Regulation of sleep homeostasis by sexual arousal
- Imperial College London, United Kingdom
Figures
Figure 1 with 3 supplements
Social interaction leads to paradoxical effects on sleep rebound.
(A) Sleep profile of socially isolated male CantonS flies that were forced to interact for 24 hr with wild-type virgin females (MF, peach), white eyed males (MM, cyan) or sham manipulated (mock, grey). The shaded grey background indicate the area analysed in B, C and D. The vertical dash line indicates the time point for brain dissections shown in E,F. (B) Quantification of sleep rebound during ZT0-3 on rebound day for the experiments shown in A. Ns under the bar plots indicate the number of animals used. (C) Quantification of sleep amount on the interaction day for flies shown in A. On interaction day, mock were estimated to be asleep 40.6 ± 13% of the time; MM 16 ± 8%; MF 1.1 ± 2% – mean ±SD. (D) Representative behavioural classification of the interaction day for MM coupling (upper panel n = 11) or MF coupling (lower panel n = 11). Each row shows the behavioural profile of a male during 24 hr of social interaction. (E) Representative image of whole-mount anti-GFP immunostained flies expressing CaLexA in the ellipsoid bodies using the R30G03 driver. Scale bar 10 µm. (F) Quantification of the experiment in E. In all figures, * indicates a p<0.05; **p<0.01; ***p<0.001 – pairwise Wilcoxon rank sum test with Benjamini and Hochberg correction. In all ethograms, the dark coloured lines indicate the mean values for sleep while the opaque borders indicate 95% bootstrap resampling confidence interval (see Materials and methods).

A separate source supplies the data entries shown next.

lemma QuadRes_if_power_cong_1:
  assumes "[a ^ (2*m) = 1] (mod p)"
  shows "\<not> p dvd a \<and> QuadRes p a"
proof -
  have L: "[Legendre a p = 1] (mod p)"
    using Legendre_cong_power assms by (rule cong_trans)
  have "Legendre a p = 1"
  proof (rule ccontr)
    assume "Legendre a p \<noteq> 1"
    then have "Legendre a p = 0 \<or> Legendre a p = -1"
      by (simp add: Legendre_def split: if_splits)
    with L have "p dvd 1 \<or> p dvd 2"
      by (auto simp: cong_iff_dvd_diff)
    then show False
      using m_pos p_eq by (auto dest: zdvd_imp_le)
  qed
  then show ?thesis
    by (simp add: Legendre_def cong_0_iff split: if_splits)
qed

lemma not_dvd_fact: "r \<le> 2*m \<Longrightarrow> \<not> p dvd fact r"
  using prime_dvd_fact_iff_int[OF prime_p] p_eq by simp

lemma fact_square_cong: "[fact (2*m) ^ 2 = (-1 :: int)] (mod p)"
proof -
  have "(fact (4*m) :: int) = (\<Prod>k\<in>{1..2*m + 2*m}. int k)"
    by (simp add: fact_prod)
  also have "\<dots> = (\<Prod>k\<in>{1..2*m}. int k) * (\<Prod>k\<in>{2*m+1..2*m + 2*m}. int k)"
    by (rule prod.ub_add_nat) simp
  also have "(\<Prod>k\<in>{2*m+1..2*m + 2*m}. int k) = (\<Prod>k\<in>{1..2*m}. p - int k)"
    by (rule prod.reindex_bij_witness[of _ "\<lambda>k. 4*m+1 - k" "\<lambda>k. 4*m+1 - k"]) (auto simp: p_eq)
  finally have
    "[fact (4*m) = (\<Prod>k\<in>{1..2*m}. int k) * ((-1) ^ (2*m) * (\<Prod>k\<in>{1..2*m}. int k))] (mod p)"
    using prod_reflect_cong[of p int "{1..2*m}"] by (simp add: cong_scalar_left)
  then have "[fact (4*m) = fact (2*m) ^ 2 :: int] (mod p)"
    by (simp add: fact_prod power2_eq_square)
  moreover have "[fact (4*m) = (-1 :: int)] (mod p)"
    using wilson_theorem[OF nat_p(1)] unfolding nat_p(2,3) .
  ultimately show ?thesis
    by (meson cong_sym cong_trans)
qed

lemma two_power_cong: "[2 ^ (2*m) = ((-1) ^ m :: int)] (mod p)"
proof -
  have "2 ^ (2*m) * (fact (2*m) :: int) = (\<Prod>k\<in>{1..2*m}. 2 * int k)"
    by (simp add: fact_prod prod.distrib)
  also have "\<dots> = (\<Prod>k\<in>{1..m}. 2 * int k) * (\<Prod>k\<in>{m+1..2*m}. 2 * int k)"
    using prod.ub_add_nat[of 1 m "\<lambda>k. 2 * int k" m] by (simp only: mult_2)
  also have "(\<Prod>k\<in>{m+1..2*m}. 2 * int k) = (\<Prod>k\<in>{1..m}. p - (2 * int k - 1))"
    by (rule prod.reindex_bij_witness[of _ "\<lambda>k. 2*m+1 - k" "\<lambda>k. 2*m+1 - k"]) (auto simp: p_eq)
  finally have "[2 ^ (2*m) * fact (2*m)
      = (\<Prod>k\<in>{1..m}. 2 * int k) * ((-1) ^ m * (\<Prod>k\<in>{1..m}. 2 * int k - 1))] (mod p)"
    using prod_reflect_cong[of p "\<lambda>k. 2 * int k - 1" "{1..m}"] by (simp add: cong_scalar_left)
  then have "[2 ^ (2*m) * fact (2*m) = (-1) ^ m * fact (2*m) :: int] (mod p)"
    unfolding fact_double_eq_prod_evens_odds by (simp add: ac_simps)
  moreover have "coprime (fact (2*m)) p"
    using not_dvd_fact[of "2*m"] prime_p by (simp add: prime_imp_coprime coprime_commute)
  ultimately show ?thesis
    by (simp add: cong_mult_rcancel)
qed

lemma double_binomial_product_power_cong:
  "[(2 * (\<Prod>r\<le>2*m. int (2*m choose r))) ^ (2*m) = 1] (mod p)"
proof -
  define C where "C = (\<Prod>r\<le>2*m. int (2*m choose r))"
  define F where "F = (\<Prod>r\<le>2*m. fact r :: int)"
  have "\<not> p dvd F"
    unfolding F_def using prime_p not_dvd_fact by (auto simp: prime_dvd_prod_iff)
  then have "[C ^ (2*m) * F ^ (4*m) = C ^ (2*m) * 1] (mod p)"
    by (intro cong_scalar_left fermat_cong)
  moreover have "C ^ (2*m) * F ^ (4*m) = (fact (2*m) ^ 2) ^ (m * (2*m+1))"
  proof -
    have "C ^ (2*m) * F ^ (4*m) = (C * F ^ 2) ^ (2*m)"
      by (simp add: power_mult_distrib power_mult[symmetric] mult.commute)
    also have "\<dots> = (fact (2*m) ^ 2) ^ (m * (2*m+1))"
      unfolding C_def F_def prod_binomial_fact power_mult[symmetric] by (simp add: algebra_simps)
    finally show ?thesis .
  qed
  moreover have "[(fact (2*m) ^ 2) ^ (m * (2*m+1)) = ((-1) ^ (m * (2*m+1)) :: int)] (mod p)"
    by (intro cong_pow fact_square_cong)
  moreover have "(-1 :: int) ^ (m * (2*m+1)) = (-1) ^ m"
    by (simp add: minus_one_power_iff)
  ultimately have "[C ^ (2*m) = (-1) ^ m] (mod p)"
    by (metis cong_sym cong_trans mult_1_right)
  then have "[2 ^ (2*m) * C ^ (2*m) = (-1) ^ m * (-1) ^ m] (mod p)"
    by (intro cong_mult two_power_cong)
  then show ?thesis
    by (simp add: C_def power_mult_distrib power_add[symmetric])
qed

lemma not_dvd_prod_diff_squares: "\<not> p dvd (\<Prod>j\<le>2*m. \<Prod>i<j. int j ^ 2 - int i ^ 2)"
proof
  assume "p dvd (\<Prod>j\<le>2*m. \<Prod>i<j. int j ^ 2 - int i ^ 2)"
  then obtain i j where "j \<le> 2*m" "i < j" and "p dvd (int j - int i) * (int j + int i)"
    using prime_p by (auto simp: prime_dvd_prod_iff power2_eq_square algebra_simps)
  moreover have "0 < int j - int i" "int j - int i < p" "0 < int j + int i" "int j + int i < p"
    using calculation(1,2) p_eq by auto
  ultimately show False
    using prime_p by (auto simp: prime_dvd_mult_iff dest: zdvd_imp_le)
qed

lemma double_det_value_power_cong:
  assumes "s ^ 2 = 1"
  shows "[(2 * (s * (\<Prod>r\<le>2*m. int (2*m choose r))
             * (\<Prod>j\<le>2*m. \<Prod>i<j. int j ^ 2 - int i ^ 2) ^ 2)) ^ (2*m) = 1] (mod p)"
proof -
  define C where "C = (\<Prod>r\<le>2*m. int (2*m choose r))"
  define V where "V = (\<Prod>j\<le>2*m. \<Prod>i<j. int j ^ 2 - int i ^ 2)"
  have "s ^ (2*m) = 1"
    using assms by (simp add: power_mult)
  then have "(2 * (s * C * V ^ 2)) ^ (2*m) = (2 * C) ^ (2*m) * V ^ (4*m)"
    by (simp add: power_mult_distrib power_mult[symmetric])
  also have "[\<dots> = 1 * 1] (mod p)"
    using not_dvd_prod_diff_squares unfolding C_def V_def
    by (intro cong_mult double_binomial_product_power_cong fermat_cong)
  finally show ?thesis
    by (simp add: C_def V_def)
qed

lemma det_legmat_cong:
  "[det (legmat p m d1 d2) = det (even_power_mat m int int d1 d2)] (mod p)"
  by (rule det_cong[of _ "2*m+1"])
    (auto simp: legmat_def even_power_mat_def intro!: cong_add cong_mult cong_refl Legendre_cong_power)

end

theorem corollary1p3:
  fixes p :: int and m :: nat and d1 d2 :: int
  assumes "prime p" and "p = 4 * int m + 1"
    and "d1 \<in> {1, -1}" and "d2 \<in> {1, -1}"
  shows "\<not> p dvd (2 * det (legmat p m d1 d2)) \<and> QuadRes p (2 * det (legmat p m d1 d2))
    \<and> [det (legmat p m d1 d2) =
         (-1) ^ (m * (2*m+1)) * d1 ^ (2*m+1) * d2 ^ (m * (2*m+1))
         * (\<Prod>r\<in>{0..2*m}. int (2*m choose r))
         * (\<Prod>j\<in>{0..2*m}. \<Prod>i\<in>{0..<j}. (int j ^ 2 - int i ^ 2) ^ 2)] (mod p)"
proof -
  let ?L = "det (legmat p m d1 d2)"
  define S where "S = (-1::int) ^ (m * (2*m+1)) * d1 ^ (2*m+1) * d2 ^ (m * (2*m+1))"
  define C where "C = (\<Prod>r\<le>2*m. int (2*m choose r))"
  define V where "V = (\<Prod>j\<le>2*m. \<Prod>i<j. int j ^ 2 - int i ^ 2)"
  have "det (even_power_mat m int int d1 d2) = S * C * V ^ 2"
    using det_even_power_mat[OF m_pos[OF assms(1,2)]]
    by (simp add: S_def C_def V_def power2_eq_square prod.distrib)
  then have det: "[?L = S * C * V ^ 2] (mod p)"
    using det_legmat_cong[OF assms(1,2), of d1 d2] by simp
  have "S ^ 2 = 1"
    using assms(3,4) by (auto simp: S_def power_mult_distrib power_mult[symmetric] minus_one_power_iff)
  with det have "[(2 * ?L) ^ (2*m) = 1] (mod p)"
    using double_det_value_power_cong[OF assms(1,2), folded C_def V_def]
    by (meson cong_pow cong_scalar_left cong_trans)
  then have "\<not> p dvd (2 * ?L) \<and> QuadRes p (2 * ?L)"
    by (rule QuadRes_if_power_cong_1[OF assms(1,2)])
  moreover have "S * C * V ^ 2 = (-1) ^ (m * (2*m+1)) * d1 ^ (2*m+1) * d2 ^ (m * (2*m+1))
      * (\<Prod>r\<in>{0..2*m}. int (2*m choose r))
      * (\<Prod>j\<in>{0..2*m}. \<Prod>i\<in>{0..<j}. (int j ^ 2 - int i ^ 2) ^ 2)"
    by (simp add: S_def C_def V_def atLeast0AtMost atLeast0LessThan prod_power_distrib)
  ultimately show ?thesis
    using det by simp
qed

end
section \<open>Toeplitz structure of the commutant of a nilpotent two-block Jordan matrix\<close>

lemma toeplitz_support:
  fixes f :: "nat \<Rightarrow> nat \<Rightarrow> 'a::zero" and p q i j :: nat
  assumes shift: "\<And>i j. i + 1 < p \<Longrightarrow> j + 1 < q \<Longrightarrow> f (i + 1) (j + 1) = f i j"
    and first_col: "\<And>i. i + 1 < p \<Longrightarrow> f (i + 1) 0 = 0"
    and last_row: "\<And>j. j + 1 < q \<Longrightarrow> f (p - 1) j = 0"
    and ij: "i < p" "j < q" and nz: "f i j \<noteq> 0"
  shows "i \<le> j \<and> i + q \<le> j + p"
proof -
  have diagonal: "f (i + k) (j + k) = f i j" if "i + k < p" "j + k < q" for i j k
    using that
  proof (induction k)
    case (Suc k)
    then show ?case using shift[of "i + k" "j + k"] by simp
  qed simp
  show ?thesis
  proof (rule ccontr)
    assume "\<not> (i \<le> j \<and> i + q \<le> j + p)"
    then consider "j < i" | "i \<le> j" "j + p < i + q" by linarith
    then show False
    proof cases
      case 1
      have "f ((i - j) + j) (0 + j) = f (i - j) 0" by (rule diagonal) (use 1 ij in auto)
      moreover have "f (i - j) 0 = 0" using first_col[of "i - j - 1"] 1 ij by (simp add: Suc_diff_Suc)
      ultimately show False using nz 1 by simp
    next
      case 2
      have "f (i + (p - 1 - i)) (j + (p - 1 - i)) = f i j" by (rule diagonal) (use 2 ij in auto)
      moreover have "f (p - 1) (j + (p - 1 - i)) = 0" by (rule last_row) (use 2 ij in auto)
      ultimately show False using nz ij by simp
    qed
  qed
qed

abbreviation jordan2 :: "nat \<Rightarrow> nat \<Rightarrow> 'a::field mat" where
  "jordan2 s1 s2 \<equiv> jordan_matrix [(s1, 0), (s2, 0)]"

lemma jordan2_entry:
  assumes "r < s1 + s2" "c < s1 + s2"
  shows "(jordan2 s1 s2 :: 'a::field mat) $$ (r, c) = (if c = r + 1 \<and> c \<noteq> s1 then 1 else 0)"
  using assms by (auto simp: jordan_matrix_def Let_def)

lemma jordan2_carrier: "(jordan2 s1 s2 :: 'a::field mat) \<in> carrier_mat (s1 + s2) (s1 + s2)"
  using jordan_matrix_carrier[of "[(s1, 0::'a), (s2, 0)]"] by simp

lemma mult_jordan2_entry:
  fixes A :: "'a::field mat"
  assumes A: "A \<in> carrier_mat (s1 + s2) (s1 + s2)" and r: "r < s1 + s2" and c: "c < s1 + s2"
  shows "(A * jordan2 s1 s2) $$ (r, c) = (if c \<noteq> 0 \<and> c \<noteq> s1 then A $$ (r, c - 1) else 0)"
proof -
  have "(A * jordan2 s1 s2) $$ (r, c) = (\<Sum>k<s1+s2. A $$ (r, k) * jordan2 s1 s2 $$ (k, c))"
    by (rule mult_mat_entry[OF A jordan2_carrier r c])
  also have "\<dots> = (\<Sum>k<s1+s2. if k = c - 1 then (if c \<noteq> 0 \<and> c \<noteq> s1 then A $$ (r, k) else 0) else 0)"
    by (rule sum.cong, simp) (use c in \<open>auto simp: jordan2_entry\<close>)
  also have "\<dots> = (if c \<noteq> 0 \<and> c \<noteq> s1 then A $$ (r, c - 1) else 0)"
    unfolding sum.delta[OF finite_lessThan] using c by auto
  finally show ?thesis .
qed

lemma jordan2_mult_entry:
  fixes A :: "'a::field mat"
  assumes A: "A \<in> carrier_mat (s1 + s2) (s1 + s2)" and r: "r < s1 + s2" and c: "c < s1 + s2"
  shows "(jordan2 s1 s2 * A) $$ (r, c) = (if r + 1 < s1 + s2 \<and> r + 1 \<noteq> s1 then A $$ (r + 1, c) else 0)"
proof -
  have "(jordan2 s1 s2 * A) $$ (r, c) = (\<Sum>k<s1+s2. jordan2 s1 s2 $$ (r, k) * A $$ (k, c))"
    by (rule mult_mat_entry[OF jordan2_carrier A r c])
  also have "\<dots> = (\<Sum>k<s1+s2. if k = r + 1 then (if r + 1 \<noteq> s1 then A $$ (k, c) else 0) else 0)"
    by (rule sum.cong, simp) (use r in \<open>auto simp: jordan2_entry\<close>)
  also have "\<dots> = (if r + 1 < s1 + s2 \<and> r + 1 \<noteq> s1 then A $$ (r + 1, c) else 0)"
    unfolding sum.delta[OF finite_lessThan] by auto
  finally show ?thesis .
qed

lemma commuting_jordan2_support:
  fixes A :: "'a::field mat"
  assumes A: "A \<in> carrier_mat (s1 + s2) (s1 + s2)"
    and comm: "A * jordan2 s1 s2 = jordan2 s1 s2 * A"
    and s: "s1 > 0" "s2 > 0"
    and X: "(oX, p) \<in> {(0, s1), (s1, s2)}" and Y: "(oY, q) \<in> {(0, s1), (s1, s2)}"
    and ij: "i < p" "j < q" and nz: "A $$ (oX + i, oY + j) \<noteq> 0"
  shows "i \<le> j \<and> i + q \<le> j + p"
proof -
  have shift_eq: "(if r + 1 < s1 + s2 \<and> r + 1 \<noteq> s1 then A $$ (r + 1, c) else 0)
      = (if c \<noteq> 0 \<and> c \<noteq> s1 then A $$ (r, c - 1) else 0)"
    if "r < s1 + s2" "c < s1 + s2" for r c
    using mult_jordan2_entry[OF A that] jordan2_mult_entry[OF A that] comm by simp
  show ?thesis
  proof (rule toeplitz_support[where f = "\<lambda>i j. A $$ (oX + i, oY + j)" and p = p and q = q])
    fix i j assume "i + 1 < p" "j + 1 < q"
    then show "A $$ (oX + (i + 1), oY + (j + 1)) = A $$ (oX + i, oY + j)"
      using shift_eq[of "oX + i" "oY + (j + 1)"] X Y s by auto
  next
    fix i assume "i + 1 < p"
    then show "A $$ (oX + (i + 1), oY + 0) = 0"
      using shift_eq[of "oX + i" "oY"] X Y s by auto
  next
    fix j assume "j + 1 < q"
    then show "A $$ (oX + (p - 1), oY + j) = 0"
      using shift_eq[of "oX + (p - 1)" "oY + (j + 1)"] X Y s by auto
  qed (use ij nz in auto)
qed

lemma commuting_jordan2_nilpotent_pow:
  fixes A :: "'a::field mat"
  assumes s: "(s1 = b + 2 \<and> s2 = b) \<or> (s1 = b \<and> s2 = b + 2)" and b: "b \<ge> 1"
    and A: "A \<in> carrier_mat (s1 + s2) (s1 + s2)"
    and comm: "A * jordan2 s1 s2 = jordan2 s1 s2 * A"
    and nil: "A ^\<^sub>m K = 0\<^sub>m (s1 + s2) (s1 + s2)"
  shows "A ^\<^sub>m (b + 2) = 0\<^sub>m (s1 + s2) (s1 + s2)"
proof -
  define local_deg :: "nat \<Rightarrow> nat \<Rightarrow> nat"
    where "local_deg p i = p - 1 - i + (if p = b then 1 else 0)" for p i
  define deg where "deg r = (if r < s1 then local_deg s1 r else local_deg s2 (r - s1))" for r
  have s_pos: "s1 > 0" "s2 > 0" using s b by auto
  have block_position: "\<exists>oX p i. (oX, p) \<in> {(0, s1), (s1, s2)} \<and> i < p \<and> r = oX + i \<and> deg r = local_deg p i"
    if "r < s1 + s2" for r
  proof (cases "r < s1")
    case True then show ?thesis by (intro exI[of _ 0] exI[of _ s1] exI[of _ r]) (auto simp: deg_def)
  next
    case False then show ?thesis using that
      by (intro exI[of _ s1] exI[of _ s2] exI[of _ "r - s1"]) (auto simp: deg_def)
  qed
  have "degree_triangular deg (s1 + s2) A" unfolding degree_triangular_def
  proof (intro allI impI)
    fix r c assume r: "r < s1 + s2" and c: "c < s1 + s2" and nz: "A $$ (r, c) \<noteq> 0"
    obtain oX p i where X: "(oX, p) \<in> {(0, s1), (s1, s2)}" "i < p" "r = oX + i" "deg r = local_deg p i"
      using block_position[OF r] by blast
    obtain oY q j where Y: "(oY, q) \<in> {(0, s1), (s1, s2)}" "j < q" "c = oY + j" "deg c = local_deg q j"
      using block_position[OF c] by blast
    have "i \<le> j \<and> i + q \<le> j + p"
      by (rule commuting_jordan2_support[OF A comm s_pos X(1) Y(1) X(2) Y(2)]) (use nz X Y in simp)
    then show "deg c < deg r \<or> r = c" using X Y s unfolding local_deg_def by auto
  qed
  moreover have "deg r \<le> b + 1" if "r < s1 + s2" for r
    using s that unfolding deg_def local_deg_def by auto
  ultimately have "A ^\<^sub>m Suc (b + 1) = 0\<^sub>m (s1 + s2) (s1 + s2)"
    by (rule degree_triangular_nilpotent_pow[OF A _ nil])
  then show ?thesis by (simp add: numeral_2_eq_2)
qed

lemma mset_two_list:
  assumes "mset (map fst xs) = {#x, y#}"
  shows "\<exists>u v e1 e2. xs = [(u, e1), (v, e2)] \<and> ((u = x \<and> v = y) \<or> (u = y \<and> v = x))"
proof -
  have "length xs = 2" using arg_cong[OF assms, of size] by simp
  then obtain p1 p2 where xs: "xs = [p1, p2]"
    by (metis (no_types, lifting) One_nat_def Suc_1 length_0_conv length_Suc_conv)
  obtain u e1 v e2 where "p1 = (u, e1)" "p2 = (v, e2)" by fastforce
  with assms xs show ?thesis by (auto simp: add_eq_conv_ex)
qed

lemma jordan_nf2_pow_zero:
  fixes M :: "'a::field mat"
  assumes M: "M \<in> carrier_mat n n" and jnf: "jordan_nf M [(u, e1), (v, e2)]"
    and zero: "M ^\<^sub>m k = 0\<^sub>m n n"
  shows "e1 = 0 \<and> e2 = 0 \<and> u \<le> k \<and> v \<le> k"
proof -
  let ?J = "jordan_matrix [(u, e1), (v, e2)]"
  from jnf obtain P Q where w: "similar_mat_wit ?J M Q P"
    unfolding jordan_nf_def similar_mat_def using similar_mat_wit_sym by blast
  have n: "n = u + v" and PQ: "P \<in> carrier_mat n n" "Q \<in> carrier_mat n n"
    using similar_mat_witD2[OF M similar_mat_wit_sym[OF w]] by auto
  have "?J ^\<^sub>m k = Q * M ^\<^sub>m k * P" by (rule similar_mat_wit_pow_id[OF w])
  then have J_zero: "(?J ^\<^sub>m k) $$ (r, c) = 0" if "r < u + v" "c < u + v" for r c
    using PQ zero that n by simp
  have uv: "u > 0" "v > 0" using jnf unfolding jordan_nf_def by auto
  note entry = jordan_matrix_pow Let_def jordan_block_pow
  have "e1 ^ k = 0" using J_zero[of 0 0] uv by (simp add: entry)
  moreover have "e2 ^ k = 0" using J_zero[of u u] uv by (simp add: entry)
  moreover have "u \<le> k" using J_zero[of 0 k] uv by (cases "u \<le> k") (auto simp: entry)
  moreover have "v \<le> k" using J_zero[of u "u + k"] uv by (cases "v \<le> k") (auto simp: entry)
  ultimately show ?thesis by simp
qed

lemma nilpotent_shape2_jordan:
  fixes M :: "'a::field mat"
  assumes M: "M \<in> carrier_mat n n" and nil: "nilpotent_mat M" and sh: "has_shape M {#x, y#}"
  obtains s1 s2 where "(s1 = x \<and> s2 = y) \<or> (s1 = y \<and> s2 = x)" "jordan_nf M [(s1, 0), (s2, 0)]"
proof -
  obtain k where k: "M ^\<^sub>m k = 0\<^sub>m n n" using nil M unfolding nilpotent_mat_def by auto
  obtain na where jnf: "jordan_nf M na" and shape: "mset (map fst na) = {#x, y#}"
    using sh unfolding has_shape_def by auto
  obtain s1 s2 e1 e2 where na: "na = [(s1, e1), (s2, e2)]"
    and s: "(s1 = x \<and> s2 = y) \<or> (s1 = y \<and> s2 = x)"
    using mset_two_list[OF shape] by blast
  have "e1 = 0" "e2 = 0" using jordan_nf2_pow_zero[OF M jnf[unfolded na] k] by auto
  then show thesis using that[OF s] jnf na by simp
qed

lemma shape2_le_nilpotency:
  fixes M :: "'a::field mat"
  assumes M: "M \<in> carrier_mat n n" and sh: "has_shape M {#x, y#}" and zero: "M ^\<^sub>m k = 0\<^sub>m n n"
  shows "x \<le> k"
proof -
  obtain na where jnf: "jordan_nf M na" and shape: "mset (map fst na) = {#x, y#}"
    using sh unfolding has_shape_def by auto
  obtain u v e1 e2 where na: "na = [(u, e1), (v, e2)]" and uv: "(u = x \<and> v = y) \<or> (u = y \<and> v = x)"
    using mset_two_list[OF shape] by blast
  have "u \<le> k" "v \<le> k" using jordan_nf2_pow_zero[OF M jnf[unfolded na] zero] by auto
  then show ?thesis using uv by auto
qed

lemma commuting_conjugate:
  assumes w: "similar_mat_wit B J P Q" and A: "A \<in> carrier_mat n n" and B: "B \<in> carrier_mat n n"
    and comm: "A * B = B * A"
  shows "similar_mat_wit A (Q * A * P) P Q" and "Q * A * P * J = J * (Q * A * P)"
proof -
  have c: "P \<in> carrier_mat n n" "Q \<in> carrier_mat n n" and PQ: "P * Q = 1\<^sub>m n" "Q * P = 1\<^sub>m n"
    and J: "J = Q * B * P"
    using similar_mat_witD2[OF B w] similar_mat_witD2[OF _ similar_mat_wit_sym[OF w]] by auto
  note assoc = assoc_mult_mat[of _ n n _ n _ n]
  have "similar_mat_wit (Q * A * P) A Q P"
    by (rule similar_mat_witI[OF PQ(2,1) refl]) (use c A in auto)
  then show "similar_mat_wit A (Q * A * P) P Q" by (rule similar_mat_wit_sym)
  have "Q * A * P * J = Q * A * (P * Q) * B * P" unfolding J using c A B by (simp add: assoc)
  also have "\<dots> = Q * (A * B) * P" using c A B PQ by (simp add: assoc)
  also have "\<dots> = Q * (B * A) * P" using comm by simp
  also have "\<dots> = Q * B * (P * Q) * A * P" using c A B PQ by (simp add: assoc)
  also have "\<dots> = J * (Q * A * P)" unfolding J using c A B by (simp add: assoc)
  finally show "Q * A * P * J = J * (Q * A * P)" .
qed

lemma commuting_nilpotent_pow:
  fixes A B :: "'a::field mat"
  assumes A: "A \<in> carrier_mat n n" and B: "B \<in> carrier_mat n n"
    and nil: "nilpotent_mat A" and comm: "A * B = B * A"
    and jB: "jordan_nf B [(s1, 0), (s2, 0)]"
    and s: "(s1 = b + 2 \<and> s2 = b) \<or> (s1 = b \<and> s2 = b + 2)" and b: "b \<ge> 1"
  shows "A ^\<^sub>m (b + 2) = 0\<^sub>m n n"
proof -
  obtain P Q where w: "similar_mat_wit B (jordan2 s1 s2) P Q"
    using jB unfolding jordan_nf_def similar_mat_def by blast
  note J = similar_mat_witD2(5)[OF B w] and P = similar_mat_witD2(6)[OF B w]
    and Q = similar_mat_witD2(7)[OF B w]
  have n: "n = s1 + s2" using carrier_matD(1)[OF J] by simp
  define A' where "A' = Q * A * P"
  have wA: "similar_mat_wit A A' P Q" and comm': "A' * jordan2 s1 s2 = jordan2 s1 s2 * A'"
    unfolding A'_def using commuting_conjugate[OF w A B comm] by auto
  have A': "A' \<in> carrier_mat (s1 + s2) (s1 + s2)" unfolding A'_def n[symmetric] using A P Q by simp
  obtain K where "A ^\<^sub>m K = 0\<^sub>m n n" using nil A unfolding nilpotent_mat_def by auto
  moreover have "A' ^\<^sub>m K = Q * A ^\<^sub>m K * P"
    by (rule similar_mat_wit_pow_id[OF similar_mat_wit_sym[OF wA]])
  ultimately have "A' ^\<^sub>m K = 0\<^sub>m (s1 + s2) (s1 + s2)" using P Q n by simp
  then have "A' ^\<^sub>m (b + 2) = 0\<^sub>m (s1 + s2) (s1 + s2)"
    by (rule commuting_jordan2_nilpotent_pow[OF s b A' comm'])
  moreover have "A ^\<^sub>m (b + 2) = P * A' ^\<^sub>m (b + 2) * Q" by (rule similar_mat_wit_pow_id[OF wA])
  ultimately show ?thesis using P Q n by simp
qed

Figure 1—figure supplement 1
Analysis of sleep rebound.
(A) The mean length of sleep bouts in the window ZT0-3 is reduced after MF interaction but not after MM interaction (Mock: 9.11 ± 0.24; MM: 9.07 ± 0.19; MF: 8.48 ± 0.29; mean minutes ± SE). (B) The number of sleep episodes is increased after MM, but not after MF interaction (Mock: 4.03 ± 0.27; MM: 7.55 ± 0.37; MF: 4.75 ± 0.35; mean ±SE).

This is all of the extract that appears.